DESCRIPTION OF THE TASK: In the listing below, locate the lines that hold the string "thesis". Copy those lines.

++++ DATA TO PROCESS

lemma is_tine_snoc:
  assumes "p \<noteq> []"
  shows "is_tine F (p @ [u]) \<longleftrightarrow> is_tine F p \<and> (last p, u) \<in> edges F \<and> u \<in> verts F"
proof -
  have "(\<forall>i. i + 1 < length (p @ [u]) \<longrightarrow> ((p @ [u]) ! i, (p @ [u]) ! (i + 1)) \<in> edges F) \<longleftrightarrow>
      (\<forall>i. i + 1 < length p \<longrightarrow> (p ! i, p ! (i + 1)) \<in> edges F) \<and> (last p, u) \<in> edges F"
    using assms by (auto simp: nth_append last_conv_nth less_Suc_eq)
      (metis Suc_inject Suc_pred length_greater_0_conv)
  then show ?thesis
    using assms unfolding is_tine_def by auto
qed

lemma tine_len_snoc: "p \<noteq> [] \<Longrightarrow> tine_len (p @ [u]) = Suc (tine_len p)"
  unfolding tine_len_def by simp

lemma is_tine_induct[consumes 1, case_names root snoc]:
  assumes "is_tine F p"
    and "P [root F]"
    and "\<And>q u. \<lbrakk>is_tine F q; (last q, u) \<in> edges F; u \<in> verts F; P q\<rbrakk> \<Longrightarrow> P (q @ [u])"
  shows "P p"
  using assms(1)
proof (induction p rule: rev_induct)
  case Nil
  then show ?case by (simp add: is_tine_def)
next
  case (snoc u q)
  show ?case
  proof (cases "q = []")
    case True
    then show ?thesis using snoc.prems assms(2) by (simp add: is_tine_singleton)
  next
    case False
    then show ?thesis using snoc assms(3) by (simp add: is_tine_snoc)
  qed
qed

++++++++

SOLUTION:
  then show ?thesis
    then show ?thesis using snoc.prems assms(2) by (simp add: is_tine_singleton)
    then show ?thesis using snoc assms(3) by (simp add: is_tine_snoc)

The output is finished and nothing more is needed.